Hands on Pumping


hands on pumping to increase milk supply

Nikki Mather IBCLC talks about hands -on pumping and how it can support you to increase your supply and optimise your time expressing.

Hands-on pumping can benefit any new parents who needs to express milk to build supply. Using a hands-on approach to pumping can help increase supply more than if using a pump alone.

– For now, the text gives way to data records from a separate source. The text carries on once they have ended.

(* Let $n$ be a positive integer and let $$A_n' := \{(0,S_1,\dots,S_{2n}) \in \mathbb{Z}^{2n+1} : |S_i - S_{i-1}| = 1 \text{ for } 1\le i\le 2n \ (S_0=0),\ S_1>0,\ S_{2n}=0\},$$ $$B_n' := \{(0,S_1,\dots,S_{2n}) \in \mathbb{Z}^{2n+1} : |S_i - S_{i-1}| = 1 \text{ for } 1\le i\le 2n \ (S_0=0),\ S_i>0 \text{ for all } 1\le i\le 2n\}.$$ For $(0,S_1,\dots,S_{2n})\in A_n'$, let $M:=\max\{S_1,\dots,S_{2n}\}$, let $a_M:=\min\{1\le i\le 2n: S_i=M\}$, $b_0:=0$, and for $k=M-1,M-2,\dots,1$ define inductively $$a_k:=\min\{1\le i\le a_{k+1}: S_i=k\},\qquad b_k:=\max\{1\le i\le a_{k+1}: S_i=k\}.$$ For $\ell=1,\dots,2n$ define $$T_\ell:=\begin{cases}2m-S_\ell & \text{if } a_m\le \ell\le b_m \text{ for some } m\in\{1,\dots,M-1\},\\ 2M-S_\ell & \text{if } \ell\ge a_M,\end{cases}$$ and let $\Phi_1(0,S_1,\dots,S_{2n}):=(0,T_1,\dots,T_{2n})$. Then $\Phi_1$ is a well-defined map from $A_n'$ to $B_n'$ and it is a bijection between $A_n'$ and $B_n'$.
   Context: These are paths of the $2n$-step simple random walk on $\mathbb{Z}$ started at the origin: $A_n'$ consists of paths whose first step is up and which end at $0$; $B_n'$ consists of paths staying strictly positive at all times $1,\dots,2n$. *)

theory Defs
  imports Main
begin

text \<open>A path (0,S_1,...,S_2n) is an int list of length 2n+1; entry i is S_i.\<close>

definition walk_path :: "nat \<Rightarrow> int list \<Rightarrow> bool" where
  "walk_path n S \<longleftrightarrow> length S = 2*n + 1 \<and> S!0 = 0 \<and>
     (\<forall>i\<in>{1..2*n}. \<bar>S!i - S!(i-1)\<bar> = 1)"

definition A' :: "nat \<Rightarrow> int list set" where
  "A' n = {S. walk_path n S \<and> S!1 > 0 \<and> S!(2*n) = 0}"

definition B' :: "nat \<Rightarrow> int list set" where
  "B' n = {S. walk_path n S \<and> (\<forall>i\<in>{1..2*n}. S!i > 0)}"

definition maxh :: "nat \<Rightarrow> int list \<Rightarrow> int" where
  "maxh n S = Max ((\<lambda>i. S!i) ` {1..2*n})"

text \<open>aseq n S j = a_{M-j}, defined by downward recursion from a_M.\<close>
fun aseq :: "nat \<Rightarrow> int list \<Rightarrow> nat \<Rightarrow> nat" where
  "aseq n S 0 = (LEAST i. 1 \<le> i \<and> i \<le> 2*n \<and> S!i = maxh n S)"
| "aseq n S (Suc j) =
     (LEAST i. 1 \<le> i \<and> i \<le> aseq n S j \<and> S!i = maxh n S - int (Suc j))"

definition apt :: "nat \<Rightarrow> int list \<Rightarrow> int \<Rightarrow> nat" where
  "apt n S k = aseq n S (nat (maxh n S - k))"

definition bpt :: "nat \<Rightarrow> int list \<Rightarrow> int \<Rightarrow> nat" where
  "bpt n S k = (GREATEST i. 1 \<le> i \<and> i \<le> apt n S (k+1) \<and> S!i = k)"

definition in_case :: "nat \<Rightarrow> int list \<Rightarrow> int \<Rightarrow> nat \<Rightarrow> bool" where
  "in_case n S m l \<longleftrightarrow>
     (1 \<le> m \<and> m \<le> maxh n S - 1 \<and> apt n S m \<le> l \<and> l \<le> bpt n S m) \<or>
     (m = maxh n S \<and> apt n S m \<le> l)"

definition Phi1 :: "nat \<Rightarrow> int list \<Rightarrow> int list" where
  "Phi1 n S = 0 # map (\<lambda>l. 2 * (THE m. in_case n S m l) - S!l) [1..<2*n+1]"

end

theory Submission
  imports Defs
begin

text \<open>
  \<open>Phi1\<close> is Pitman's transform \<open>T\<^sub>l = 2 R\<^sub>l - S\<^sub>l\<close>, where \<open>R\<^sub>l = max {S\<^sub>1, \<dots>, S\<^sub>l}\<close> is the
  running maximum: \<open>a\<^sub>k\<close> is the first hitting time of level \<open>k\<close> and \<open>b\<^sub>k = a\<^sub>k\<^sub>+\<^sub>1 - 1\<close>, so
  \<open>l\<close> falls into the case indexed by \<open>m\<close> exactly when \<open>R\<^sub>l = m\<close>. Each step of \<open>T\<close> is \<open>\<plusminus>1\<close>,
  \<open>T\<^sub>l \<ge> R\<^sub>l \<ge> 1\<close> and \<open>T\<^sub>2\<^sub>n = 2M\<close>. Conversely \<open>R\<^sub>l = min (J\<^sub>l, M)\<close> with
  \<open>J\<^sub>l = min {T\<^sub>l, \<dots>, T\<^sub>2\<^sub>n}\<close> the future minimum of \<open>T\<close>, since \<open>S\<close> sits at level \<open>R\<^sub>l\<close> just
  before it first reaches \<open>R\<^sub>l + 1\<close>. Hence \<open>S\<^sub>l = 2 min (J\<^sub>l, T\<^sub>2\<^sub>n / 2) - T\<^sub>l\<close> inverts the
  transform on all of \<open>B'\<^sub>n\<close>.
\<close>

lemma walk_path_step:
  assumes "walk_path n S" "i < 2*n"
  shows "\<bar>S!Suc i - S!i\<bar> = 1"
proof -
  have "Suc i \<in> {1..2*n}" using assms(2) by simp
  with assms(1) show ?thesis unfolding walk_path_def by fastforce
qed

lemma walk_path_nth_1:
  assumes "walk_path n S" "0 < n" "0 < S!1"
  shows "S!1 = 1"
  using walk_path_step[OF assms(1), of 0] assms by (simp add: walk_path_def)

lemma walk_path_parity:
  assumes "walk_path n S" "i \<le> 2*n"
  shows "even (S!i - int i)"
  using assms(2)
proof (induction i)
  case 0
  then show ?case using assms(1) by (simp add: walk_path_def)
next
  case (Suc i)
  then have "even (S!i - int i)" by simp
  moreover have "S!Suc i = S!i + 1 \<or> S!Suc i = S!i - 1"
    using walk_path_step[OF assms(1), of i] Suc.prems by auto
  ultimately show ?case by auto
qed

lemma walk_path_intermediate_value:
  assumes "walk_path n S" "i \<le> j" "j \<le> 2*n" "S!i \<le> v" "v \<le> S!j"
  shows "\<exists>k\<in>{i..j}. S!k = v"
  using nat_intermed_int_val[of i j "\<lambda>k. S!k" v] walk_path_step[OF assms(1)] assms(2-)
  by fastforce

lemma last_visit_before:
  fixes f :: "nat \<Rightarrow> int"
  assumes "\<forall>i<l. \<bar>f (Suc i) - f i\<bar> \<le> 1" "f 0 < v" "v \<le> f l"
  shows "\<exists>i\<le>l. f i = v \<and> (\<forall>j. i < j \<and> j \<le> l \<longrightarrow> v < f j)"
  using assms
proof (induction l)
  case 0
  then show ?case by auto
next
  case (Suc l)
  show ?case
  proof (cases "f (Suc l) = v")
    case True
    then show ?thesis by auto
  next
    case False
    with Suc.prems have "v \<le> f l" by force
    then obtain i where i: "i \<le> l" "f i = v" "\<forall>j. i < j \<and> j \<le> l \<longrightarrow> v < f j"
      using Suc.IH Suc.prems by auto
    then have "\<forall>j. i < j \<and> j \<le> Suc l \<longrightarrow> v < f j"
      using False Suc.prems(3) by (metis le_Suc_eq order_le_less)
    then show ?thesis using i by (intro exI[of _ i]) auto
  qed
qed

lemma nth_Cons_map_upt:
  "1 \<le> l \<Longrightarrow> l \<le> N \<Longrightarrow> (x # map f [1..<N+1]) ! l = f l"
  by (cases l) (simp_all del: upt_Suc add: nth_upt)

definition running_max :: "int list \<Rightarrow> nat \<Rightarrow> int" where
  "running_max S l = Max ((\<lambda>i. S!i) ` {1..l})"

lemma running_max_ge_iff:
  "1 \<le> l \<Longrightarrow> m \<le> running_max S l \<longleftrightarrow> (\<exists>i\<in>{1..l}. m \<le> S!i)"
  unfolding running_max_def by (subst Max_ge_iff) auto

lemma running_max_le_iff:
  "1 \<le> l \<Longrightarrow> running_max S l \<le> m \<longleftrightarrow> (\<forall>i\<in>{1..l}. S!i \<le> m)"
  unfolding running_max_def by (subst Max_le_iff) auto

lemma nth_le_running_max: "1 \<le> i \<Longrightarrow> i \<le> l \<Longrightarrow> S!i \<le> running_max S l"
  using running_max_ge_iff[of l "S!i" S] by auto

lemma running_max_mono: "1 \<le> i \<Longrightarrow> i \<le> l \<Longrightarrow> running_max S i \<le> running_max S l"
  using running_max_le_iff[of i S "running_max S l"] nth_le_running_max[of _ l S] by auto

lemma running_max_1: "running_max S 1 = S!1"
  by (simp add: running_max_def)

lemma running_max_Suc: "1 \<le> l \<Longrightarrow> running_max S (Suc l) = max (running_max S l) (S!Suc l)"
proof -
  assume "1 \<le> l"
  moreover have "{1..Suc l} = insert (Suc l) {1..l}" by auto
  ultimately show ?thesis unfolding running_max_def by (simp add: max.commute)
qed

lemma maxh_eq_running_max: "maxh n S = running_max S (2*n)"
  by (simp add: maxh_def running_max_def)

definition future_min :: "nat \<Rightarrow> int list \<Rightarrow> nat \<Rightarrow> int" where
  "future_min n T l = Min ((\<lambda>i. T!i) ` {l..2*n})"

lemma future_min_ge_iff:
  "l \<le> 2*n \<Longrightarrow> v \<le> future_min n T l \<longleftrightarrow> (\<forall>i\<in>{l..2*n}. v \<le> T!i)"
  unfolding future_min_def by (subst Min_ge_iff) auto

lemma future_min_le_iff:
  "l \<le> 2*n \<Longrightarrow> future_min n T l \<le> v \<longleftrightarrow> (\<exists>i\<in>{l..2*n}. T!i \<le> v)"
  unfolding future_min_def by (subst Min_le_iff) auto

lemma future_min_le_nth: "l \<le> j \<Longrightarrow> j \<le> 2*n \<Longrightarrow> future_min n T l \<le> T!j"
  using future_min_le_iff[of l n T "T!j"] by auto

lemma future_min_mono: "i \<le> l \<Longrightarrow> l \<le> 2*n \<Longrightarrow> future_min n T i \<le> future_min n T l"
  using future_min_le_iff[of l n T "future_min n T l"] future_min_le_iff[of i n T "future_min n T l"]
  by auto

lemma future_min_Suc: "l < 2*n \<Longrightarrow> future_min n T l = min (T!l) (future_min n T (Suc l))"
proof -
  assume "l < 2*n"
  moreover from this have "{l..2*n} = insert l {Suc l..2*n}" by auto
  ultimately show ?thesis unfolding future_min_def by simp
qed

lemma future_min_last: "future_min n T (2*n) = T!(2*n)"
  by (simp add: future_min_def)

definition pitman :: "nat \<Rightarrow> int list \<Rightarrow> int list" where
  "pitman n S = 0 # map (\<lambda>l. 2 * running_max S l - S!l) [1..<2*n+1]"

definition pitman_inv :: "nat \<Rightarrow> int list \<Rightarrow> int list" where
  "pitman_inv n T = 0 # map (\<lambda>l. 2 * min (future_min n T l) (T!(2*n) div 2) - T!l) [1..<2*n+1]"

lemma length_pitman [simp]: "length (pitman n S) = 2*n + 1"
  by (simp del: upt_Suc add: pitman_def)

lemma pitman_nth_0 [simp]: "pitman n S ! 0 = 0"
  by (simp del: upt_Suc add: pitman_def)

lemma pitman_nth: "1 \<le> l \<Longrightarrow> l \<le> 2*n \<Longrightarrow> pitman n S ! l = 2 * running_max S l - S!l"
  unfolding pitman_def by (rule nth_Cons_map_upt)

lemma length_pitman_inv [simp]: "length (pitman_inv n T) = 2*n + 1"
  by (simp del: upt_Suc add: pitman_inv_def)

lemma pitman_inv_nth_0 [simp]: "pitman_inv n T ! 0 = 0"
  by (simp del: upt_Suc add: pitman_inv_def)

lemma pitman_inv_nth:
  "1 \<le> l \<Longrightarrow> l \<le> 2*n \<Longrightarrow>
    pitman_inv n T ! l = 2 * min (future_min n T l) (T!(2*n) div 2) - T!l"
  unfolding pitman_inv_def by (rule nth_Cons_map_upt)

lemma pitman_step:
  "\<bar>b - a\<bar> = 1 \<Longrightarrow> a \<le> r \<Longrightarrow> \<bar>(2 * max r b - b) - (2 * r - a)\<bar> = (1::int)"
  by (cases "r \<le> b"; cases "b < a"; cases "r = a"; simp add: max_def abs_if)

lemma pitman_inv_step:
  "\<bar>b - a\<bar> = 1 \<Longrightarrow> j \<le> b \<Longrightarrow> \<bar>(2 * min j N - b) - (2 * min (min a j) N - a)\<bar> = (1::int)"
  by (cases "j \<le> N"; cases "a \<le> j"; cases "j = a"; cases "a \<le> N"; cases "b < a";
      simp add: min_def abs_if)

definition first_hit :: "nat \<Rightarrow> int list \<Rightarrow> int \<Rightarrow> nat" where
  "first_hit n S k = (LEAST i. 1 \<le> i \<and> i \<le> 2*n \<and> S!i = k)"

context
  fixes n :: nat and S :: "int list"
  assumes S_A': "S \<in> A' n" and n_pos: "0 < n"
begin

lemma A'_walk_path: "walk_path n S"
  using S_A' by (simp add: A'_def)

lemma A'_nth_1: "S!1 = 1"
  using walk_path_nth_1[OF A'_walk_path n_pos] S_A' by (simp add: A'_def)

lemma A'_nth_end: "S!(2*n) = 0"
  using S_A' by (simp add: A'_def)

lemma A'_running_max_bounds:
  assumes "1 \<le> l" "l \<le> 2*n"
  shows "1 \<le> running_max S l \<and> running_max S l \<le> maxh n S"
  using nth_le_running_max[of 1 l S] A'_nth_1 assms running_max_mono[of l "2*n" S]
  by (auto simp: maxh_eq_running_max)

lemma A'_hits_level:
  assumes "1 \<le> l" "l \<le> 2*n" "1 \<le> m" "m \<le> running_max S l"
  shows "\<exists>i\<in>{1..l}. S!i = m"
proof -
  obtain i where i: "i\<in>{1..l}" "m \<le> S!i" using running_max_ge_iff assms by blast
  then have "\<exists>j\<in>{1..i}. S!j = m"
    using walk_path_intermediate_value[OF A'_walk_path, of 1 i m] A'_nth_1 assms by auto
  then show ?thesis using i by auto
qed

lemma first_hit_props:
  assumes "1 \<le> m" "m \<le> maxh n S"
  shows "1 \<le> first_hit n S m \<and> first_hit n S m \<le> 2*n \<and> S!(first_hit n S m) = m"
proof -
  have "\<exists>i\<in>{1..2*n}. S!i = m"
    using A'_hits_level[of "2*n" m] assms n_pos by (auto simp: maxh_eq_running_max)
  then have "\<exists>i. 1 \<le> i \<and> i \<le> 2*n \<and> S!i = m" by auto
  from LeastI_ex[OF this] show ?thesis unfolding first_hit_def .
qed

lemma first_hit_le_iff:
  assumes "1 \<le> m" "m \<le> maxh n S" "1 \<le> l" "l \<le> 2*n"
  shows "first_hit n S m \<le> l \<longleftrightarrow> m \<le> running_max S l"
proof
  assume "first_hit n S m \<le> l"
  then show "m \<le> running_max S l"
    using first_hit_props[OF assms(1,2)] nth_le_running_max[of "first_hit n S m" l S] by auto
next
  assume "m \<le> running_max S l"
  then obtain i where "i\<in>{1..l}" "S!i = m" using A'_hits_level assms by blast
  moreover from this have "first_hit n S m \<le> i"
    unfolding first_hit_def using assms by (intro Least_le) auto
  ultimately show "first_hit n S m \<le> l" by auto
qed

Here’s a guide on how to do it to support an increase in your milk supply.

hands on pumping tutorial

  1. **Warm up:** 
    Gently massage both breasts for a few minutes. You can also use a warm compress to stimulate milk flow. The heat pack is an optional step and if you haven’t got anything to hand, start massaging without the heat pack.
  2. **Double Pump & Compress:** 
    Start pumping with both breasts at once (double pumping). While pumping, use your hands to compress your breasts firmly, focusing on areas that feel full. Consider making yourself a hands-free pumping bra to help secure the pumps to breast. Continue for a few minutes until your milk flow slows to a trickle.
  3. **Massage Again:**
    Gently give your breasts another massage, focusing on any lumpy areas.
  4. **Change things up**
    Switch up the settings on the pump every 3-5 minutes so you utilise the “let-down” stage and the “expression” stage at regular intervals.
  5. **Time**
    Get yourself comfy and aim to complete the above cycle for 15-20 minutes until you feel fully drained.
  6. **More milk please** 
    Use hand expression for 5 minutes after the pump is an effective way of expressing any more milk which may be available. Alternatively, you could single pump on each side again using compressions for 5 minutes.
You may be expressing milk for a variety of reasons; to build your supply after a tricky start, building a breastmilk stash for returning to work or to have a little breastmilk in the freezer just in case you aren’t around for a feed or two. 

Breast pumps on the market are variable in terms of effectiveness from one mother to the next. One person may respond very well to a wearable breast pump, and the next mum will not get a drop.